# Calling all tall guys.....Team 7-11 bike on eBay



## kjmunc (Sep 19, 2005)

The auction calls this bike both a 62cm and a 65cm, so I'm assuming it's a misprint, although I'm surprised even Sean Yates ever rode something as large as 62cm. 

Wheels have obviously been upgraded, and this bike is priced pretty steeply, but it IS a pretty rare bird for us big guys......

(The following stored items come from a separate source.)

(* Let $r_g>0$, $E>0$ and $n\in\{2,3\}$. For $r>0$ let $X(r)>0$ be the unique positive solution of $$X^n+\sqrt{r_g/r}\;X-E=0,$$ and define $H(r)=(n+1)\sqrt{r_g/r}-\dfrac{nE}{X(r)}$. Then $H$ has exactly one zero $r_H$ on $(0,\infty)$, given by $$r_H=\frac{3r_g}{4E}\quad(n=2),\qquad r_H=r_g\Big(\frac{16}{27E^2}\Big)^{2/3}\quad(n=3),$$ and $H$ is differentiable at $r_H$ with $H'(r_H)\neq0$. Consequently, for any $r_1>r_H$, $\big|\int_{r}^{r_1}ds/H(s)\big|\to\infty$ (logarithmically) as $r\to r_H^+$.
   Context: Physical interpretation: for an ingoing massless test particle of energy $E$ with dispersion relation $F(\zeta)=\zeta^n$ in the Painlevé–Gullstrand Schwarzschild background ($N=f=1$, shift $N^r=-\sqrt{r_g/r}$), the coordinate time along the trajectory is $t=t_0+\int dr/H(r,E)$; the divergence of $t$ at $r_H$ defines an energy-dependent horizon at $r_H$. *)

theory Defs
  imports "HOL-Analysis.Analysis" "HOL-Library.Landau_Symbols"
begin

definition Xsol :: "real \<Rightarrow> real \<Rightarrow> nat \<Rightarrow> real \<Rightarrow> real" where
  "Xsol rg E n r = (THE X. X > 0 \<and> X ^ n + sqrt (rg / r) * X - E = 0)"

definition Hfun :: "real \<Rightarrow> real \<Rightarrow> nat \<Rightarrow> real \<Rightarrow> real" where
  "Hfun rg E n r = real (n + 1) * sqrt (rg / r) - real n * E / Xsol rg E n r"

definition rHor :: "real \<Rightarrow> real \<Rightarrow> nat \<Rightarrow> real" where
  "rHor rg E n = (if n = 2 then 3 * rg / (4 * E)
                  else rg * (16 / (27 * E ^ 2)) powr (2 / 3))"

end

theory Submission
  imports Defs "HOL-Real_Asymp.Real_Asymp"
begin

text \<open>
  Solving the defining equation for r shows that the root x = X(r) determines
  r = r_g x^2 / (E - x^n)^2, a smooth strictly increasing function of x on 0 < x < E^(1/n).
  Hence X is smooth, and H(r) = E/X - (n+1) X^(n-1) is smooth and strictly decreasing in r;
  it vanishes exactly where X^n = E/(n+1), which gives r_H.  Near a zero with nonvanishing
  continuous derivative, |H(s)| is squeezed between constant multiples of s - r_H, so the
  integral of 1/H diverges like the integral of 1/(s - r_H), i.e. logarithmically.
\<close>

lemma has_integral_inverse_shift:
  fixes a r b :: real
  assumes "a < r" "r \<le> b"
  shows "((\<lambda>s. 1 / (s - a)) has_integral ln (b - a) - ln (r - a)) {r..b}"
proof (rule fundamental_theorem_of_calculus[OF \<open>r \<le> b\<close>])
  fix x assume "x \<in> {r..b}"
  then have "x - a > 0" using assms by auto
  then show "((\<lambda>s. ln (s - a)) has_vector_derivative 1 / (x - a)) (at x within {r..b})"
    by (auto intro!: derivative_eq_intros simp: has_real_derivative_iff_has_vector_derivative[symmetric])
qed
lemma no_rainbow_V2_large_colour_class:
  fixes c :: "nat set \<Rightarrow> 'c"
  assumes no_rainbow: "\<And>x y. x \<subseteq> {1..n} \<Longrightarrow> y \<subseteq> {1..n} \<Longrightarrow> \<not> x \<subseteq> y \<Longrightarrow> \<not> y \<subseteq> x \<Longrightarrow>
      c x = c y \<or> c x = c {} \<or> c y = c {}"
  shows "\<exists>col. real n - 1 < 2 * lubell n {X. X \<subseteq> {1..n} \<and> c X = col}"
proof -
  let ?U = "{1..n}"
  define colour_class where "colour_class col = {X. X \<subseteq> ?U \<and> c X = col}" for col
  define N where "N = {X. X \<subseteq> ?U \<and> X \<noteq> {} \<and> X \<noteq> ?U \<and> c X \<noteq> c {}}"
  have fin_colour_class: "finite (colour_class col)" for col
    unfolding colour_class_def by (rule finite_subset[of _ "Pow ?U"]) auto
  have fin_N: "finite N"
    unfolding N_def by (rule finite_subset[of _ "Pow ?U"]) auto
  have "{X. X \<subseteq> ?U \<and> card X < n} \<subseteq> colour_class (c {}) \<union> N"
    by (auto simp: colour_class_def N_def)
  then have "real n \<le> lubell n (colour_class (c {}) \<union> N)"
    using lubell_below_top[of n] lubell_mono fin_colour_class fin_N by (metis finite_UnI)
  also have "\<dots> \<le> lubell n (colour_class (c {})) + lubell n N"
    using fin_colour_class fin_N by (rule lubell_Un_le)
  finally have cover: "real n \<le> lubell n (colour_class (c {})) + lubell n N" .
  show ?thesis
  proof (cases "\<exists>x1\<in>N. \<exists>y1\<in>N. c x1 \<noteq> c y1")
    case True
    then obtain x1 y1 where two_colours: "x1 \<in> N" "y1 \<in> N" "c x1 \<noteq> c y1" by blast
    have comparable: "x \<subseteq> y \<or> y \<subseteq> x" if "x \<in> N" "y \<in> N" "c x \<noteq> c y" for x y
      using no_rainbow[of x y] that by (auto simp: N_def)
    have "N \<subseteq> Pow ?U" "{} \<notin> N" "?U \<notin> N"
      by (auto simp: N_def)
    from lubell_comparable_colours_less[OF this comparable two_colours]
    have "real n - 1 < 2 * lubell n (colour_class (c {}))"
      using cover by simp
    then show ?thesis
      unfolding colour_class_def by blast
  next
    case False
    then have monochromatic: "c x = c y" if "x \<in> N" "y \<in> N" for x y
      using that by blast
    obtain \<beta> where "N \<subseteq> colour_class \<beta>"
    proof (cases "N = {}")
      case False
      then obtain x where x: "x \<in> N" by blast
      have "X \<in> colour_class (c x)" if "X \<in> N" for X
        using that monochromatic[OF that x] by (simp add: colour_class_def N_def)
      then have "N \<subseteq> colour_class (c x)"
        by blast
      then show thesis
        by (rule that)
    next
      case True
      then show thesis
        using that[of "c {}"] by blast
    qed
    then have "lubell n N \<le> lubell n (colour_class \<beta>)"
      using fin_colour_class by (rule lubell_mono)
    then have "real n - 1 < 2 * lubell n (colour_class (c {})) \<or> real n - 1 < 2 * lubell n (colour_class \<beta>)"
      using cover by linarith
    then show ?thesis
      unfolding colour_class_def by blast
  qed
qed
lemma sum_shuffles_map:
  assumes "inj_on g (set xs \<union> set ys)"
  shows "(\<Sum>t\<in>shuffles (map g xs) (map g ys). F t) = (\<Sum>t\<in>shuffles xs ys. F (map g t))"
proof -
  have "shuffles (map g xs) (map g ys) = map g ` shuffles xs ys"
    by (induction xs ys rule: shuffles.induct) (auto simp: image_Un image_image)
  moreover have "inj_on (map g) (shuffles xs ys)"
    using assms by (auto intro!: inj_onI simp: inj_on_map_eq_map dest!: set_shuffles)
  ultimately show ?thesis
    by (simp add: sum.reindex)
qed

lemma sum_shuffles_pack_strict_mono:
  fixes g :: "'a::linorder \<Rightarrow> 'b::linorder"
  assumes "strict_mono_on (set xs \<union> set ys) g"
  shows "(\<Sum>t\<in>shuffles (map g xs) (map g ys). F (pack t)) = (\<Sum>t\<in>shuffles xs ys. F (pack t))"
proof -
  have "pack (map g t) = pack t" if "t \<in> shuffles xs ys" for t
    using assms set_shuffles[OF that] by (simp add: pack_map_strict_mono)
  then show ?thesis
    by (simp add: sum_shuffles_map strict_mono_on_imp_inj_on[OF assms])
qed

lemma Cons_in_shuffles_iff':
  "a # t \<in> shuffles xs ys \<longleftrightarrow>
     (\<exists>xs'. xs = a # xs' \<and> t \<in> shuffles xs' ys) \<or> (\<exists>ys'. ys = a # ys' \<and> t \<in> shuffles xs ys')"
  by (cases xs; cases ys) (auto simp: Cons_in_shuffles_iff)

lemma in_shuffles_assoc:
  "(\<exists>z\<in>shuffles ys zs. t \<in> shuffles xs z) \<longleftrightarrow> (\<exists>x\<in>shuffles xs ys. t \<in> shuffles x zs)"
proof (induction t arbitrary: xs ys zs)
  case Nil
  then show ?case by auto
next
  case (Cons a t)
  have Cons_mem: "(\<exists>z\<in>S. \<exists>z'. z = a # z' \<and> Q z') \<longleftrightarrow> (\<exists>z'. a # z' \<in> S \<and> Q z')" for S Q
    by blast
  have L: "(\<exists>z\<in>shuffles ys zs. a # t \<in> shuffles xs z) \<longleftrightarrow>
      (\<exists>xs'. xs = a # xs' \<and> (\<exists>z\<in>shuffles ys zs. t \<in> shuffles xs' z))
    \<or> (\<exists>ys'. ys = a # ys' \<and> (\<exists>z\<in>shuffles ys' zs. t \<in> shuffles xs z))
    \<or> (\<exists>zs'. zs = a # zs' \<and> (\<exists>z\<in>shuffles ys zs'. t \<in> shuffles xs z))"
    by (simp add: Cons_in_shuffles_iff' bex_disj_distrib Cons_mem) blast
  have R: "(\<exists>x\<in>shuffles xs ys. a # t \<in> shuffles x zs) \<longleftrightarrow>
      (\<exists>xs'. xs = a # xs' \<and> (\<exists>x\<in>shuffles xs' ys. t \<in> shuffles x zs))
    \<or> (\<exists>ys'. ys = a # ys' \<and> (\<exists>x\<in>shuffles xs ys'. t \<in> shuffles x zs))
    \<or> (\<exists>zs'. zs = a # zs' \<and> (\<exists>x\<in>shuffles xs ys. t \<in> shuffles x zs'))"
    by (simp add: Cons_in_shuffles_iff' bex_disj_distrib Cons_mem) blast
  show ?case
    unfolding L R Cons.IH ..
qed

lemma sum_UN_shuffles:
  assumes "finite Z" and "\<And>z. z \<in> Z \<Longrightarrow> set xs \<inter> set z = {}"
  shows "(\<Sum>z\<in>Z. \<Sum>t\<in>shuffles xs z. G t) = sum G (\<Union>z\<in>Z. shuffles xs z)"
proof (rule sum.UNION_disjoint[symmetric])
  show "\<forall>z\<in>Z. \<forall>z'\<in>Z. z \<noteq> z' \<longrightarrow> shuffles xs z \<inter> shuffles xs z' = {}"
  proof (intro ballI impI equalityI subsetI)
    fix z z' t assume z: "z \<in> Z" "z' \<in> Z" "z \<noteq> z'" and t: "t \<in> shuffles xs z \<inter> shuffles xs z'"
    have "filter (\<lambda>x. x \<notin> set xs) t = z" "filter (\<lambda>x. x \<notin> set xs) t = z'"
      using filter_shuffles_disjoint1(2)[OF assms(2)] z t by auto
    then show "t \<in> {}"
      using z(3) by simp
  qed simp
qed (use assms(1) in auto)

http://cgi.ebay.com/Eddy-Merckx-90-...5QQihZ005QQcategoryZ98084QQrdZ1QQcmdZViewItem


----------



## Fivethumbs (Jul 26, 2005)

Nice bike and I would definitely love t have it, but $2350? Why can't Gord Fraser have an older 6' 3" brother?


----------



## Rollo Tommassi (Feb 5, 2004)

*Couple o' things don't seem right*

the 'custom dyed saddle'. Never saw those in print during the era
They rode on Wolber rims
He doesn't show the drive side of the top tube where it would say "Sean Yates".
the paint is in just 'too' good of shape, for even only been on top of a car. no cable rub marks, chrome in dropout is clean...


----------



## Fivethumbs (Jul 26, 2005)

Another thing is, I have a LOT of older cycling videos from the mid-1980's to the late 1990's and Sean Yates always used downtube shifters. The only time I saw him use STI was in Paris-Roubaix.


----------